#### INPUT DATA
text \<open>The precondition of the event that the construction of \<open>U_of\<close> attaches to a conjunct
  \<open>Bel i \<omega>\<close>: \<open>\<omega>\<close> in case (1), \<open>\<xi>\<close> in case (3) and \<open>fTop\<close> in case (2).\<close>
definition head_pre :: "('p, 'ag) fm \<Rightarrow> ('p, 'ag) fm" where
  "head_pre \<omega> = (if propositional \<omega> then \<omega>
     else case \<omega> of Conj \<xi> _ \<Rightarrow> if propositional \<xi> then \<xi> else fTop | _ \<Rightarrow> fTop)"

lemma head_pre_propositional: "propositional \<xi> \<Longrightarrow> head_pre \<xi> = \<xi>"
  by (simp add: head_pre_def)

lemma head_pre_conjuncts_Bel: "\<forall>c \<in> conjuncts \<omega>. is_Bel c \<Longrightarrow> head_pre \<omega> = fTop"
  using not_propositional_if_conjuncts_Bel
  by (cases \<omega>) (auto simp: head_pre_def)

lemma head_pre_Conj:
  "propositional \<xi> \<Longrightarrow> \<forall>c \<in> conjuncts \<psi>. is_Bel c \<Longrightarrow> head_pre (Conj \<xi> \<psi>) = \<xi>"
  using not_propositional_if_conjuncts_Bel by (auto simp: head_pre_def)

lemma U_of_conjuncts_Bel: "U_of \<phi> U \<Longrightarrow> \<forall>c \<in> conjuncts \<phi>. is_Bel c"
  by (induction rule: U_of.induct) auto

lemma head_pre_U_of: "U_of \<psi> U \<Longrightarrow> head_pre \<psi> = fTop"
  by (simp add: U_of_conjuncts_Bel head_pre_conjuncts_Bel)

lemma U_of_root_events:
  "U_of \<phi> U \<Longrightarrow> 0 \<in> Ev U \<and> -1 \<in> Ev U \<and> Pre U 0 = fTop \<and> Pre U (-1) = fTop"
  by (induction rule: U_of.induct) auto

lemma U_of_root_Tset: "U_of \<phi> U \<Longrightarrow> v \<in> W M \<Longrightarrow> (v, 0) \<in> Tset M U"
  by (simp add: Tset_iff U_of_root_events)

lemma U_of_Acc_subset: "U_of \<phi> U \<Longrightarrow> Acc U j \<subseteq> Ev U \<times> Ev U"
  by (induction rule: U_of.induct) (use U_of_root_events in \<open>auto simp: underQ_def\<close>)

lemma U_of_Acc_root_serial: "U_of \<phi> U \<Longrightarrow> \<exists>c \<in> Ev U. (0, c) \<in> Acc U j"
  by (induction rule: U_of.induct) (use U_of_root_events in \<open>auto simp: underQ_def\<close>)

lemma U_of_conjunct_event:
  "U_of \<phi> U \<Longrightarrow> Bel j \<omega> \<in> conjuncts \<phi> \<Longrightarrow>
    \<exists>c \<in> Ev U - {0, -1}. (0, c) \<in> Acc U j \<and> Pre U c = head_pre \<omega>"
proof (induction arbitrary: j \<omega> rule: U_of.induct)
  case (U_bel \<psi> U m i)
  then show ?case
    by (auto simp: head_pre_U_of)
next
  case (U_bel_conj \<xi> \<psi> U m i)
  then have "head_pre (Conj \<xi> \<psi>) = \<xi>"
    by (simp add: head_pre_Conj U_of_conjuncts_Bel)
  with U_bel_conj show ?case
    by auto
next
  case (U_conj \<psi> U1 \<theta> U2)
  from U_conj.prems consider (left) "Bel j \<omega> \<in> conjuncts \<psi>" | (right) "Bel j \<omega> \<in> conjuncts \<theta>"
    by auto
  then show ?case
  proof cases
    case left
    with U_conj.IH(1) obtain c
      where "c \<in> Ev U1 - {0, -1}" "(0, c) \<in> Acc U1 j" "Pre U1 c = head_pre \<omega>"
      by blast
    then show ?thesis
      by (intro bexI[of _ c]) auto
  next
    case right
    with U_conj.IH(2) obtain c
      where c: "c \<in> Ev U2 - {0, -1}" "(0, c) \<in> Acc U2 j" "Pre U2 c = head_pre \<omega>"
      by blast
    moreover have "c \<notin> Ev U1"
      using U_conj.hyps(3) c(1) by auto
    ultimately show ?thesis
      by (intro bexI[of _ c]) auto
  qed
qed (auto simp: head_pre_propositional)

lemma U_of_Acc_root_pre:
  "U_of \<phi> U \<Longrightarrow> (0, c) \<in> Acc U j \<Longrightarrow>
    (\<exists>\<omega>. Bel j \<omega> \<in> conjuncts \<phi> \<and> Pre U c = head_pre \<omega>) \<or> (c = -1 \<and> (\<forall>\<omega>. Bel j \<omega> \<notin> conjuncts \<phi>))"
proof (induction arbitrary: c j rule: U_of.induct)
  case (U_bel \<psi> U m i)
  then show ?case
    by (auto simp: head_pre_U_of underQ_def split: if_splits)
next
  case (U_bel_conj \<xi> \<psi> U m i)
  then have "head_pre (Conj \<xi> \<psi>) = \<xi>"
    by (simp add: head_pre_Conj U_of_conjuncts_Bel)
  with U_bel_conj show ?case
    by (auto simp: underQ_def split: if_splits)
next
  case (U_conj \<psi> U1 \<theta> U2)
  let ?succ = "\<lambda>k. (0, k) \<in> Acc U1 j \<union> Acc U2 j \<and> k \<in> Ev U1 \<union> Ev U2 - {0, -1}"
  from U_conj.prems consider (left) "(0, c) \<in> Acc U1 j" "?succ c" | (right) "(0, c) \<in> Acc U2 j" "?succ c"
    | (none) "c = -1" "\<nexists>k. ?succ k"
    by (auto simp: underQ_def split: if_splits)
  then show ?case
  proof cases
    case left
    then have "c \<in> Ev U1"
      using U_of_Acc_subset[OF U_conj.hyps(1)] by blast
    with left U_conj.IH(1) show ?thesis
      by auto
  next
    case right
    then have "c \<in> Ev U2 - Ev U1"
      using U_of_Acc_subset[OF U_conj.hyps(2)] U_conj.hyps(3) by blast
    with right U_conj.IH(2) show ?thesis
      by auto
  next
    case none
    then show ?thesis
      using U_of_conjunct_event[OF U_conj.hyps(1)] U_of_conjunct_event[OF U_conj.hyps(2)] by fastforce
  qed
qed (auto simp: head_pre_propositional split: if_splits)

theorem corollary2:
  fixes \<phi> :: "('p, 'ag::finite) fm" and i :: 'ag
  assumes agents: "card (UNIV :: 'ag set) \<ge> 2"
    and normal: "dbi_normal \<phi>"
  shows
    "((\<forall>\<omega>. Bel i \<omega> \<in> conjuncts \<phi> \<longrightarrow> (\<forall>c \<in> conjuncts \<omega>. is_Bel c)) \<longrightarrow>
       (\<forall>(M :: ('w, 'ag, 'p) kripke) v U.
          kripke_model M \<longrightarrow> v \<in> W M \<longrightarrow> U_of \<phi> U \<longrightarrow>
          ((\<not> sat M v (Bel i fBot)) \<longleftrightarrow> (\<not> sat (update M U v 0) (v, 0) (Bel i fBot)))))
     \<and>
     (\<forall>\<xi> \<omega>. propositional \<xi> \<longrightarrow> Bel i \<omega> \<in> conjuncts \<phi> \<longrightarrow>
       (\<omega> = \<xi> \<or> (\<exists>\<psi>. \<omega> = Conj \<xi> \<psi> \<and> (\<forall>c \<in> conjuncts \<psi>. is_Bel c))) \<longrightarrow>
       (\<forall>c \<in> conjuncts \<phi>. c \<noteq> Bel i \<omega> \<longrightarrow> i \<notin> ta c) \<longrightarrow>
       (\<forall>(M :: ('w, 'ag, 'p) kripke) v U.
          kripke_model M \<longrightarrow> v \<in> W M \<longrightarrow> U_of \<phi> U \<longrightarrow>
          (sat M v (Dia i \<xi>) \<longleftrightarrow> (\<not> sat (update M U v 0) (v, 0) (Bel i fBot)))))"
proof (intro conjI impI allI)
  fix M :: "('w, 'ag, 'p) kripke" and v U
  assume no_prop: "\<forall>\<omega>. Bel i \<omega> \<in> conjuncts \<phi> \<longrightarrow> (\<forall>c \<in> conjuncts \<omega>. is_Bel c)"
    and M: "kripke_model M" and v: "v \<in> W M" and U: "U_of \<phi> U"
  have "Pre U c = fTop" if "(0, c) \<in> Acc U i" for c
    using U_of_Acc_root_pre[OF U that] no_prop U_of_root_events[OF U]
    by (auto simp: head_pre_conjuncts_Bel)
  then have "\<not> sat (update M U v 0) (v, 0) (Bel i fBot) \<longleftrightarrow> sat M v (Dia i fTop)"
    using not_sat_update_Bel_fBot_iff_Dia[OF M U_of_root_Tset[OF U v] U_of_Acc_root_serial[OF U]]
    by blast
  then show "\<not> sat M v (Bel i fBot) \<longleftrightarrow> \<not> sat (update M U v 0) (v, 0) (Bel i fBot)"
    by (simp add: Dia_def)
next
  fix \<xi> \<omega> and M :: "('w, 'ag, 'p) kripke" and v U
  assume "propositional \<xi>" and conjunct: "Bel i \<omega> \<in> conjuncts \<phi>"
    and "\<omega> = \<xi> \<or> (\<exists>\<psi>. \<omega> = Conj \<xi> \<psi> \<and> (\<forall>c \<in> conjuncts \<psi>. is_Bel c))"
    and unique: "\<forall>c \<in> conjuncts \<phi>. c \<noteq> Bel i \<omega> \<longrightarrow> i \<notin> ta c"
    and M: "kripke_model M" and v: "v \<in> W M" and U: "U_of \<phi> U"
  then have "head_pre \<omega> = \<xi>"
    by (auto simp: head_pre_propositional head_pre_Conj)
  then have "Pre U c = \<xi>" if "(0, c) \<in> Acc U i" for c
    using U_of_Acc_root_pre[OF U that] conjunct unique by fastforce
  then show "sat M v (Dia i \<xi>) \<longleftrightarrow> \<not> sat (update M U v 0) (v, 0) (Bel i fBot)"
    using not_sat_update_Bel_fBot_iff_Dia[OF M U_of_root_Tset[OF U v] U_of_Acc_root_serial[OF U]]
    by blast
qed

#### WHAT YOU HAVE TO DO
Take the listing above from its first line through the line containing "propositional \<omega> then \<omega>", and transcribe that stretch exactly, with no other lines.

#### RESULT FOR THIS TASK
text \<open>The precondition of the event that the construction of \<open>U_of\<close> attaches to a conjunct
  \<open>Bel i \<omega>\<close>: \<open>\<omega>\<close> in case (1), \<open>\<xi>\<close> in case (3) and \<open>fTop\<close> in case (2).\<close>
definition head_pre :: "('p, 'ag) fm \<Rightarrow> ('p, 'ag) fm" where
  "head_pre \<omega> = (if propositional \<omega> then \<omega>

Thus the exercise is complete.